1998 NCAA men's volleyball tournament

Tournament details
- Dates: May 1998
- Teams: 4

Final positions
- Champions: UCLA (17th title)
- Runners-up: Pepperdine (8th title match)

Tournament statistics
- Matches played: 3
- Attendance: 18,901 (6,300 per match)

Awards
- Best player: Adam Naeve (UCLA)

= 1998 NCAA men's volleyball tournament =

The 1998 NCAA men's volleyball tournament was the 29th annual tournament to determine the national champion of NCAA men's collegiate volleyball.
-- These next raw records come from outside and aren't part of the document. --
(* Let ${\bf p},{\bf q}\in[0,1]^K$ with $q_k\le p_k$ for all $k$, let ${\bf u},{\bf v}\in\mathcal{S}_K$, and let $\Pi_{({\bf p},{\bf q})}\subseteq\mathcal{S}_K$ be an atomic lower and upper probability (ALUP) model generated by $({\bf p},{\bf q})$. If the aggregation scheme $({\bf u},{\bf v})$ induces Simpson's paradox in $({\bf p},{\bf q})$, then it incurs sure loss with respect to itself on $\Pi_{({\bf p},{\bf q})}$.
   Context: $\mathcal{S}_K=\{(v_1,\dots,v_K):\sum_k v_k=1,\ v_k\ge 0\}$. An ALUP model generated by $({\bf p},{\bf q})$ is a closed convex set $\Pi_{({\bf p},{\bf q})}$ of vectors $\boldsymbol\pi\in\mathcal{S}_K$ such that $\sup_{\boldsymbol\pi\in\Pi_{({\bf p},{\bf q})}}\pi_k=p_k$ and $\inf_{\boldsymbol\pi\in\Pi_{({\bf p},{\bf q})}}\pi_k=q_k$ for each $k$. The scheme $({\bf u},{\bf v})$ induces Simpson's paradox in $({\bf p},{\bf q})$ if ${\bf p}^\top{\bf u}<{\bf q}^\top{\bf v}$ or ${\bf q}^\top{\bf u}>{\bf p}^\top{\bf v}$. It incurs sure loss with respect to itself on a set $\Pi\subseteq\mathcal{S}_K$ if $\sup_{\boldsymbol\pi\in\Pi}\boldsymbol\pi^\top{\bf u}<\inf_{\boldsymbol\pi\in\Pi}\boldsymbol\pi^\top{\bf v}$ or $\inf_{\boldsymbol\pi\in\Pi}\boldsymbol\pi^\top{\bf u}>\sup_{\boldsymbol\pi\in\Pi}\boldsymbol\pi^\top{\bf v}$. *)

theory Defs
  imports "HOL-Analysis.Analysis"
begin

text \<open>The probability simplex S_K, with K = CARD('k).\<close>
definition prob_simplex :: "(real ^ 'k) set" where
  "prob_simplex = {v. (\<Sum>k\<in>UNIV. v $ k) = 1 \<and> (\<forall>k. v $ k \<ge> 0)}"

definition ALUP_model :: "real ^ 'k \<Rightarrow> real ^ 'k \<Rightarrow> (real ^ 'k) set \<Rightarrow> bool" where
  "ALUP_model p q PI \<longleftrightarrow> PI \<noteq> {} \<and> closed PI \<and> convex PI \<and> PI \<subseteq> prob_simplex \<and>
     (\<forall>k. (SUP pi\<in>PI. pi $ k) = p $ k \<and> (INF pi\<in>PI. pi $ k) = q $ k)"

definition induces_simpson :: "real ^ 'k \<Rightarrow> real ^ 'k \<Rightarrow> real ^ 'k \<Rightarrow> real ^ 'k \<Rightarrow> bool" where
  "induces_simpson u v p q \<longleftrightarrow> p \<bullet> u < q \<bullet> v \<or> q \<bullet> u > p \<bullet> v"

definition sure_loss_self :: "real ^ 'k \<Rightarrow> real ^ 'k \<Rightarrow> (real ^ 'k) set \<Rightarrow> bool" where
  "sure_loss_self u v PI \<longleftrightarrow>
     (SUP pi\<in>PI. pi \<bullet> u) < (INF pi\<in>PI. pi \<bullet> v) \<or>
     (INF pi\<in>PI. pi \<bullet> u) > (SUP pi\<in>PI. pi \<bullet> v)"

end

theory Submission
  imports Defs
begin

(* Every pi in the model lies componentwise between q and p, so for a nonnegative weight
   vector w the range of pi \<bullet> w over the model lies in [q \<bullet> w, p \<bullet> w]. Simpson's paradox
   separates one of these outer intervals for u from the one for v, and the inner
   ranges inherit the separation. *)

lemma prob_simplex_nonneg:
  assumes "x \<in> prob_simplex"
  shows "0 \<le> x $ k"
  using assms by (simp add: prob_simplex_def)

lemma prob_simplex_le_1:
  assumes "x \<in> prob_simplex"
  shows "x $ k \<le> 1"
proof -
  have "x $ k \<le> (\<Sum>j\<in>UNIV. x $ j)"
    using assms by (intro member_le_sum) (auto simp: prob_simplex_def)
  with assms show ?thesis by (simp add: prob_simplex_def)
qed

lemma ALUP_model_component_bounds:
  assumes model: "ALUP_model p q PI" and x: "x \<in> PI"
  shows "q $ k \<le> x $ k" "x $ k \<le> p $ k"
proof -
  have sub: "PI \<subseteq> prob_simplex"
    and sup: "(SUP pi\<in>PI. pi $ k) = p $ k" and inf: "(INF pi\<in>PI. pi $ k) = q $ k"
    using model by (auto simp: ALUP_model_def)
  have "bdd_below ((\<lambda>pi. pi $ k) ` PI)"
    using sub prob_simplex_nonneg by (intro bdd_belowI[where m = 0]) blast
  from cINF_lower[OF this x] inf show "q $ k \<le> x $ k" by simp
  have "bdd_above ((\<lambda>pi. pi $ k) ` PI)"
    using sub prob_simplex_le_1 by (intro bdd_aboveI[where M = 1]) blast
  from cSUP_upper[OF x this] sup show "x $ k \<le> p $ k" by simp
qed

lemma inner_le_nonneg_weights:
  fixes a b w :: "real ^ 'k"
  assumes "\<And>k. a $ k \<le> b $ k" and "\<And>k. 0 \<le> w $ k"
  shows "a \<bullet> w \<le> b \<bullet> w"
  unfolding inner_vec_def by (intro sum_mono) (simp add: assms mult_right_mono)

lemma ALUP_model_inner_bounds:
  fixes w :: "real ^ 'k"
  assumes model: "ALUP_model p q PI" and w: "\<And>k. 0 \<le> w $ k"
  shows "q \<bullet> w \<le> (INF pi\<in>PI. pi \<bullet> w)" "(SUP pi\<in>PI. pi \<bullet> w) \<le> p \<bullet> w"
proof -
  have ne: "PI \<noteq> {}" using model by (simp add: ALUP_model_def)
  show "q \<bullet> w \<le> (INF pi\<in>PI. pi \<bullet> w)"
  proof (rule cINF_greatest[OF ne])
    fix pi assume "pi \<in> PI"
    then show "q \<bullet> w \<le> pi \<bullet> w"
      using ALUP_model_component_bounds(1)[OF model] w by (intro inner_le_nonneg_weights)
  qed
  show "(SUP pi\<in>PI. pi \<bullet> w) \<le> p \<bullet> w"
  proof (rule cSUP_least[OF ne])
    fix pi assume "pi \<in> PI"
    then show "pi \<bullet> w \<le> p \<bullet> w"
      using ALUP_model_component_bounds(2)[OF model] w by (intro inner_le_nonneg_weights)
  qed
qed

theorem lemma4p2:
  fixes p q u v :: "real ^ 'k" and PI :: "(real ^ 'k) set"
  assumes "\<forall>k. 0 \<le> q $ k \<and> q $ k \<le> p $ k \<and> p $ k \<le> 1"
    and "u \<in> prob_simplex" and "v \<in> prob_simplex"
    and "ALUP_model p q PI"
    and "induces_simpson u v p q"
  shows "sure_loss_self u v PI"
proof -
  have u: "q \<bullet> u \<le> (INF pi\<in>PI. pi \<bullet> u)" "(SUP pi\<in>PI. pi \<bullet> u) \<le> p \<bullet> u"
    using ALUP_model_inner_bounds[OF assms(4) prob_simplex_nonneg[OF assms(2)]] by blast+
  have v: "q \<bullet> v \<le> (INF pi\<in>PI. pi \<bullet> v)" "(SUP pi\<in>PI. pi \<bullet> v) \<le> p \<bullet> v"
    using ALUP_model_inner_bounds[OF assms(4) prob_simplex_nonneg[OF assms(3)]] by blast+
  show ?thesis
    using assms(5) u v unfolding induces_simpson_def sure_loss_self_def by linarith
qed

end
The single elimination tournament was played at the Stan Sheriff Center in Honolulu, Hawaiʻi during May 1998. With a total tournament attendance of 18,901, this remains this best attended men's volleyball championship.

UCLA defeated Pepperdine in the final match, 3–0 (15–11, 15–11, 15–7), to win their seventeenth national title. The Bruins (28–4) were coached by Al Scates.
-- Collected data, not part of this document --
(* Let $V,K,L$ be positive integers, $\boldsymbol\epsilon\in[0,1]^V$, and let $V_1,\dots,V_L$ be pairwise disjoint finite sets of rays (ray $j$ "belongs to position $l$" if $j\in V_l$), each with $|V_l|\ge K$; each ray $j$ has a vector $\mathbf p_j=(p_{ij})_{i=1}^V\in[0,1]^V$. Run the multi-position greedy algorithm: $\mathbf b^0=\boldsymbol\epsilon$, $A_0=V_1\cup\dots\cup V_L$, $J_l=\emptyset$ for all $l$; at iteration $t=1,2,\dots$ (while $A_{t-1}\neq\emptyset$) choose $j_t\in\arg\min_{j\in A_{t-1}}\sum_i b^{t-1}_i p_{ij}$, let $l_t$ be its position, add $j_t$ to $J_{l_t}$, set $\mathbf b^t=\mathbf b^{t-1}\odot\mathbf p_{j_t}$, and set $A_t=A_{t-1}\setminus\{j_t\}$, except that if $|J_{l_t}|=K$ then $A_t=A_{t-1}\setminus V_{l_t}$ (position $l_t$ is closed). This runs exactly $LK$ iterations. Let $f^t=\sum_i b_i^t$ and $E=\sum_i\epsilon_i$. Suppose real numbers $\overline{\mathrm{OPT}}_0\le\overline{\mathrm{OPT}}_1\le\dots\le\overline{\mathrm{OPT}}_{L-1}$ are such that for every $t\in\{0,\dots,LK-1\}$ the set $A_t$ contains a nonempty subset $S$ with $|S|\le LK$ and $\sum_{i=1}^V\prod_{j\in S}p_{ij}\le \overline{\mathrm{OPT}}_{\lfloor t/K\rfloor}$. Then $$f^{LK}\le \frac{E}{e}+\sum_{u=0}^{L-1}\gamma_u\,\overline{\mathrm{OPT}}_u,\qquad \gamma_u=\Big(1-e^{-1/L}\Big)\Big(e^{-1/L}\Big)^{L-1-u}.$$
   Context: $\odot$ denotes coordinatewise product; $e$ is Euler's number. The quantity $\overline{\mathrm{OPT}}_u$ plays the role of the optimum cost still achievable with available rays after $u$ positions have been closed; at most $\lfloor t/K\rfloor$ positions are closed after $t$ iterations. *)

theory Defs
  imports Complex_Main
begin

text \<open>Coordinates are indexed by i < nV (i.e. 0..nV-1 instead of 1..V); positions by l < L.
  Iteration t+1 of the paper (t = 0,1,...) chooses jj t (= j_{t+1}) with position ll t (= l_{t+1}).
  b t, A t, J t are b^t, A_t and (J_l)_l after t iterations.\<close>

definition greedy_run ::
  "nat \<Rightarrow> nat \<Rightarrow> nat \<Rightarrow> (nat \<Rightarrow> real) \<Rightarrow> (nat \<Rightarrow> 'r set) \<Rightarrow> ('r \<Rightarrow> nat \<Rightarrow> real)
   \<Rightarrow> (nat \<Rightarrow> 'r) \<Rightarrow> (nat \<Rightarrow> nat) \<Rightarrow> (nat \<Rightarrow> nat \<Rightarrow> real) \<Rightarrow> (nat \<Rightarrow> 'r set)
   \<Rightarrow> (nat \<Rightarrow> nat \<Rightarrow> 'r set) \<Rightarrow> bool" where
  "greedy_run nV K L eps Vs p jj ll b A J \<longleftrightarrow>
     b 0 = eps \<and> A 0 = (\<Union>l<L. Vs l) \<and> (\<forall>l. J 0 l = {}) \<and>
     (\<forall>t < L * K.
        jj t \<in> A t \<and>
        (\<forall>j \<in> A t. (\<Sum>i<nV. b t i * p (jj t) i) \<le> (\<Sum>i<nV. b t i * p j i)) \<and>
        ll t < L \<and> jj t \<in> Vs (ll t) \<and>
        J (Suc t) = (J t)(ll t := insert (jj t) (J t (ll t))) \<and>
        b (Suc t) = (\<lambda>i. b t i * p (jj t) i) \<and>
        A (Suc t) = (if card (J (Suc t) (ll t)) = K then A t - Vs (ll t) else A t - {jj t}))"

definition gamma_coef :: "nat \<Rightarrow> nat \<Rightarrow> real" where
  "gamma_coef L u = (1 - exp (- 1 / real L)) * (exp (- 1 / real L)) ^ (L - 1 - u)"

end

theory Submission
  imports Defs
begin

text \<open>Fix a step t and a witness set S \<subseteq> A t with cost at most OPT.  By the union bound
  1 - \<Prod>p \<le> \<Sum>(1 - p) and the minimality of the greedy choice, the step reduces f by at least
  (f - OPT) / |S| \<ge> (f - OPT) / (LK), so f^{t+1} \<le> a f^t + (1 - a) OPT with a = e^{-1/(LK)},
  using 1 - 1/n \<le> e^{-1/n}.  Within block u (steps uK, ..., uK + K - 1) the bound OPT_u is fixed, so
  the K steps contract f - OPT_u by c = a^K = e^{-1/L}; unrolling the L blocks gives
  f^{LK} \<le> c^L E + \<Sum>_u c^{L-1-u} (1 - c) OPT_u with c^L = e^{-1}.\<close>

lemma one_minus_prod_le_sum_one_minus:
  fixes q :: "'a \<Rightarrow> real"
  assumes "\<And>j. j \<in> S \<Longrightarrow> 0 \<le> q j \<and> q j \<le> 1"
  shows "1 - prod q S \<le> (\<Sum>j\<in>S. 1 - q j)"
  using assms
proof (induction S rule: infinite_finite_induct)
  case (insert x F)
  have "prod q F \<le> 1"
    using insert.prems by (intro prod_le_1) auto
  then have "0 \<le> (1 - q x) * (1 - prod q F)"
    using insert.prems by simp
  then have "1 - q x * prod q F \<le> (1 - q x) + (1 - prod q F)"
    by (simp add: algebra_simps)
  then show ?case
    using insert by auto
qed simp_all

lemma contraction_step_le:
  fixes f g h Q m n a :: real
  assumes "1 \<le> m" "m \<le> n" and gain: "f - g \<le> m * (f - h)"
    and "g \<le> Q" "h \<le> f" "1 - 1 / n \<le> a" "a \<le> 1"
  shows "h \<le> a * f + (1 - a) * Q"
proof (cases "f \<le> Q")
  case True
  then have "0 \<le> (1 - a) * (Q - f)"
    using \<open>a \<le> 1\<close> by simp
  then show ?thesis
    using \<open>h \<le> f\<close> by (simp add: algebra_simps)
next
  case False
  have "(f - Q) / n \<le> (f - g) / n"
    using assms by (simp add: divide_right_mono)
  also have "\<dots> \<le> (f - g) / m"
    using assms False by (intro divide_left_mono) auto
  also have "\<dots> \<le> f - h"
    using assms by (simp add: divide_le_eq mult.commute)
  finally have "h \<le> (1 - 1 / n) * f + (1 / n) * Q"
    by (simp add: algebra_simps diff_divide_distrib)
  moreover have "0 \<le> (a - (1 - 1 / n)) * (f - Q)"
    using assms False by auto
  moreover have "(a - (1 - 1 / n)) * (f - Q) = a * f + (1 - a) * Q - ((1 - 1 / n) * f + (1 / n) * Q)"
    by (simp add: algebra_simps diff_divide_distrib)
  ultimately show ?thesis
    by linarith
qed

lemma affine_recurrence_const_le:
  fixes x :: "nat \<Rightarrow> real"
  assumes "0 \<le> a" "\<And>r. r < R \<Longrightarrow> x (s + Suc r) \<le> a * x (s + r) + (1 - a) * Q" "r \<le> R"
  shows "x (s + r) - Q \<le> a ^ r * (x s - Q)"
  using \<open>r \<le> R\<close>
proof (induction r)
  case (Suc r)
  then have "x (s + Suc r) - Q \<le> a * (x (s + r) - Q)"
    using assms(2) by (auto simp: algebra_simps)
  also have "\<dots> \<le> a * (a ^ r * (x s - Q))"
    using Suc assms(1) by (simp add: mult_left_mono)
  finally show ?case
    by simp
qed simp

lemma affine_recurrence_le:
  fixes y Q :: "nat \<Rightarrow> real"
  assumes "0 \<le> c" "\<And>u. u < N \<Longrightarrow> y (Suc u) \<le> c * y u + (1 - c) * Q u" "u \<le> N"
  shows "y u \<le> c ^ u * y 0 + (\<Sum>v<u. c ^ (u - 1 - v) * (1 - c) * Q v)"
  using \<open>u \<le> N\<close>
proof (induction u)
  case (Suc u)
  have shift: "c * (\<Sum>v<u. c ^ (u - 1 - v) * (1 - c) * Q v)
      = (\<Sum>v<u. c ^ (Suc u - 1 - v) * (1 - c) * Q v)"
  proof -
    have "Suc u - 1 - v = Suc (u - 1 - v)" if "v < u" for v
      using that by simp
    then show ?thesis
      unfolding sum_distrib_left by (intro sum.cong) auto
  qed
  have "y (Suc u) \<le> c * y u + (1 - c) * Q u"
    using Suc assms(2) by simp
  also have "\<dots> \<le> c * (c ^ u * y 0 + (\<Sum>v<u. c ^ (u - 1 - v) * (1 - c) * Q v)) + (1 - c) * Q u"
    using Suc assms(1) by (simp add: mult_left_mono)
  also have "\<dots> = c ^ Suc u * y 0 + (\<Sum>v<Suc u. c ^ (Suc u - 1 - v) * (1 - c) * Q v)"
    using shift by (simp add: algebra_simps)
  finally show ?case .
qed simp

locale greedy_setting =
  fixes nV K L :: nat
    and eps :: "nat \<Rightarrow> real"
    and Vs :: "nat \<Rightarrow> 'r set"
    and p :: "'r \<Rightarrow> nat \<Rightarrow> real"
    and jj :: "nat \<Rightarrow> 'r" and ll :: "nat \<Rightarrow> nat"
    and b :: "nat \<Rightarrow> nat \<Rightarrow> real" and A :: "nat \<Rightarrow> 'r set" and J :: "nat \<Rightarrow> nat \<Rightarrow> 'r set"
  assumes K_pos: "K > 0"
    and eps_unit: "\<forall>i<nV. 0 \<le> eps i \<and> eps i \<le> 1"
    and finite_Vs: "\<forall>l<L. finite (Vs l)"
    and p_unit: "\<forall>j \<in> (\<Union>l<L. Vs l). \<forall>i<nV. 0 \<le> p j i \<and> p j i \<le> 1"
    and run: "greedy_run nV K L eps Vs p jj ll b A J"
begin

definition cost :: "nat \<Rightarrow> real" where
  "cost t = (\<Sum>i<nV. b t i)"

lemma initial: "b 0 = eps" "A 0 = (\<Union>l<L. Vs l)"
  using run by (simp_all add: greedy_run_def)

lemma step:
  assumes "t < L * K"
  shows "jj t \<in> A t" "\<And>j. j \<in> A t \<Longrightarrow> (\<Sum>i<nV. b t i * p (jj t) i) \<le> (\<Sum>i<nV. b t i * p j i)"
    "b (Suc t) = (\<lambda>i. b t i * p (jj t) i)" "A (Suc t) \<subseteq> A t"
  using run assms by (auto simp: greedy_run_def split: if_splits)

lemma finite_A0: "finite (A 0)"
  using finite_Vs by (simp add: initial)

lemma A_subset_A0: "t \<le> L * K \<Longrightarrow> A t \<subseteq> A 0"
proof (induction t)
  case (Suc t)
  then show ?case
    using step(4)[of t] by auto
qed simp

lemma p_unit_A:
  assumes "t \<le> L * K" "j \<in> A t" "i < nV"
  shows "0 \<le> p j i \<and> p j i \<le> 1"
proof -
  have "j \<in> (\<Union>l<L. Vs l)"
    using A_subset_A0[OF assms(1)] assms(2) by (auto simp: initial)
  then show ?thesis
    using p_unit assms(3) by blast
qed

lemma b_unit: "t \<le> L * K \<Longrightarrow> i < nV \<Longrightarrow> 0 \<le> b t i \<and> b t i \<le> 1"
proof (induction t arbitrary: i)
  case 0
  then show ?case
    using eps_unit by (simp add: initial)
next
  case (Suc t)
  then show ?case
    using step(3)[of t] step(1)[of t] p_unit_A[of t "jj t" i] by (auto intro: mult_le_one)
qed

lemma greedy_gain:
  assumes t: "t < L * K" and S: "S \<subseteq> A t"
  shows "cost t - (\<Sum>i<nV. b t i * (\<Prod>j\<in>S. p j i)) \<le> real (card S) * (cost t - cost (Suc t))"
proof -
  define h where "h j = (\<Sum>i<nV. b t i * p j i)" for j
  have p_S: "\<And>i j. i < nV \<Longrightarrow> j \<in> S \<Longrightarrow> 0 \<le> p j i \<and> p j i \<le> 1"
    using S t p_unit_A[of t] by auto
  have "cost t - (\<Sum>i<nV. b t i * (\<Prod>j\<in>S. p j i)) = (\<Sum>i<nV. b t i * (1 - (\<Prod>j\<in>S. p j i)))"
    by (simp add: cost_def algebra_simps sum_subtractf)
  also have "\<dots> \<le> (\<Sum>i<nV. b t i * (\<Sum>j\<in>S. 1 - p j i))"
    using b_unit t p_S
    by (intro sum_mono mult_left_mono one_minus_prod_le_sum_one_minus) auto
  also have "\<dots> = (\<Sum>j\<in>S. cost t - h j)"
    by (simp add: cost_def h_def sum_distrib_left algebra_simps sum_subtractf sum.swap[of _ S])
  also have "\<dots> \<le> (\<Sum>j\<in>S. cost t - h (jj t))"
    using step(2)[OF t] S by (intro sum_mono) (auto simp: h_def)
  also have "\<dots> = real (card S) * (cost t - cost (Suc t))"
    by (simp add: h_def cost_def step(3)[OF t])
  finally show ?thesis .
qed

lemma cost_step_le:
  assumes t: "t < L * K" and S: "S \<subseteq> A t" "S \<noteq> {}" "card S \<le> L * K"
    and opt: "(\<Sum>i<nV. \<Prod>j\<in>S. p j i) \<le> Q"
  shows "cost (Suc t) \<le> exp (- 1 / real (L * K)) * cost t + (1 - exp (- 1 / real (L * K))) * Q"
proof (rule contraction_step_le[OF _ _ greedy_gain[OF t S(1)]])
  have "S \<subseteq> A 0"
    using S(1) A_subset_A0[of t] t by auto
  then have "finite S"
    using finite_A0 by (rule finite_subset)
  then show "1 \<le> real (card S)"
    using S(2) by (simp add: Suc_le_eq card_gt_0_iff)
  show "real (card S) \<le> real (L * K)"
    using S(3) by (simp only: of_nat_le_iff)
  have "b t i * (\<Prod>j\<in>S. p j i) \<le> (\<Prod>j\<in>S. p j i)" if i: "i < nV" for i
  proof -
    have "0 \<le> (\<Prod>j\<in>S. p j i)"
      using p_unit_A[of t _ i] S(1) t i by (intro prod_nonneg) auto
    then show ?thesis
      using b_unit[OF _ i, of t] t by (simp add: mult_left_le_one_le)
  qed
  then have "(\<Sum>i<nV. b t i * (\<Prod>j\<in>S. p j i)) \<le> (\<Sum>i<nV. \<Prod>j\<in>S. p j i)"
    by (intro sum_mono) simp
  then show "(\<Sum>i<nV. b t i * (\<Prod>j\<in>S. p j i)) \<le> Q"
    using opt by linarith
  have "b t i * p (jj t) i \<le> b t i" if i: "i < nV" for i
    using b_unit[OF _ i, of t] p_unit_A[OF _ step(1)[OF t] i] t by (simp add: mult_left_le)
  then show "cost (Suc t) \<le> cost t"
    unfolding cost_def step(3)[OF t] by (intro sum_mono) simp
  show "1 - 1 / real (L * K) \<le> exp (- 1 / real (L * K))"
    using exp_ge_add_one_self[of "- 1 / real (L * K)"] by linarith
  show "exp (- 1 / real (L * K)) \<le> 1"
    by simp
qed

lemma cost_block_le:
  assumes u: "u < L"
    and opt: "\<forall>t < L * K. \<exists>S. S \<subseteq> A t \<and> S \<noteq> {} \<and> card S \<le> L * K \<and>
                (\<Sum>i<nV. \<Prod>j\<in>S. p j i) \<le> OPT (t div K)"
  shows "cost (Suc u * K) \<le> exp (- 1 / real L) * cost (u * K) + (1 - exp (- 1 / real L)) * OPT u"
proof -
  define a where "a = exp (- 1 / real (L * K))"
  have "cost (u * K + Suc r) \<le> a * cost (u * K + r) + (1 - a) * OPT u" if r: "r < K" for r
  proof -
    have "u * K + r < Suc u * K"
      using r by simp
    also have "\<dots> \<le> L * K"
      using u by (intro mult_right_mono) auto
    finally have t: "u * K + r < L * K" .
    then obtain S where "S \<subseteq> A (u * K + r)" "S \<noteq> {}" "card S \<le> L * K"
        "(\<Sum>i<nV. \<Prod>j\<in>S. p j i) \<le> OPT ((u * K + r) div K)"
      using opt by blast
    moreover have "(u * K + r) div K = u"
      using r by simp
    ultimately show ?thesis
      using cost_step_le[OF t] unfolding a_def by simp
  qed
  from affine_recurrence_const_le[of a K "\<lambda>t. cost t" "u * K", OF _ this]
  have "cost (u * K + K) - OPT u \<le> a ^ K * (cost (u * K) - OPT u)"
    by (simp add: a_def)
  moreover have "a ^ K = exp (- 1 / real L)"
    using K_pos unfolding a_def exp_of_nat_mult[symmetric] by simp
  ultimately show ?thesis
    by (simp add: algebra_simps add.commute)
qed

end

theorem theorem2:
  fixes nV K L :: nat
    and eps :: "nat \<Rightarrow> real"
    and Vs :: "nat \<Rightarrow> 'r set"
    and p :: "'r \<Rightarrow> nat \<Rightarrow> real"
    and jj :: "nat \<Rightarrow> 'r" and ll :: "nat \<Rightarrow> nat"
    and b :: "nat \<Rightarrow> nat \<Rightarrow> real" and A :: "nat \<Rightarrow> 'r set" and J :: "nat \<Rightarrow> nat \<Rightarrow> 'r set"
    and OPT :: "nat \<Rightarrow> real"
  assumes "nV > 0" and "K > 0" and "L > 0"
    and "\<forall>i<nV. 0 \<le> eps i \<and> eps i \<le> 1"
    and "\<forall>l<L. finite (Vs l) \<and> card (Vs l) \<ge> K"
    and "\<forall>l<L. \<forall>l'<L. l \<noteq> l' \<longrightarrow> Vs l \<inter> Vs l' = {}"
    and "\<forall>j \<in> (\<Union>l<L. Vs l). \<forall>i<nV. 0 \<le> p j i \<and> p j i \<le> 1"
    and "greedy_run nV K L eps Vs p jj ll b A J"
    and "\<forall>u. Suc u < L \<longrightarrow> OPT u \<le> OPT (Suc u)"
    and "\<forall>t < L * K. \<exists>S. S \<subseteq> A t \<and> S \<noteq> {} \<and> card S \<le> L * K \<and>
           (\<Sum>i<nV. \<Prod>j\<in>S. p j i) \<le> OPT (t div K)"
  shows "(\<Sum>i<nV. b (L * K) i) \<le> (\<Sum>i<nV. eps i) / exp 1 + (\<Sum>u<L. gamma_coef L u * OPT u)"
proof -
  interpret greedy_setting nV K L eps Vs p jj ll b A J
    using assms(2,4,5,7,8) by unfold_locales auto
  define c where "c = exp (- 1 / real L)"
  have "cost (L * K) \<le> c ^ L * cost (0 * K) + (\<Sum>u<L. c ^ (L - 1 - u) * (1 - c) * OPT u)"
    using affine_recurrence_le[of c L "\<lambda>u. cost (u * K)" OPT L] cost_block_le assms(10)
    by (simp add: c_def)
  moreover have "c ^ L * cost (0 * K) = (\<Sum>i<nV. eps i) / exp 1"
    using assms(3) unfolding c_def exp_of_nat_mult[symmetric]
    by (simp add: cost_def initial exp_minus field_simps)
  moreover have "(\<Sum>u<L. c ^ (L - 1 - u) * (1 - c) * OPT u) = (\<Sum>u<L. gamma_coef L u * OPT u)"
    by (simp add: gamma_coef_def c_def mult.commute mult.left_commute)
  ultimately show ?thesis
    unfolding cost_def by linarith
qed

end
UCLA's Adam Naeve was named the tournament's Most Outstanding Player. Neve, along with five other players, comprised the All-Tournament Team.

==Qualification==
Until the creation of the NCAA Men's Division III Volleyball Championship in 2012, there was only a single national championship for men's volleyball. As such, all NCAA men's volleyball programs, whether from Division I, Division II, or Division III, were eligible. A total of 4 teams were invited to contest this championship.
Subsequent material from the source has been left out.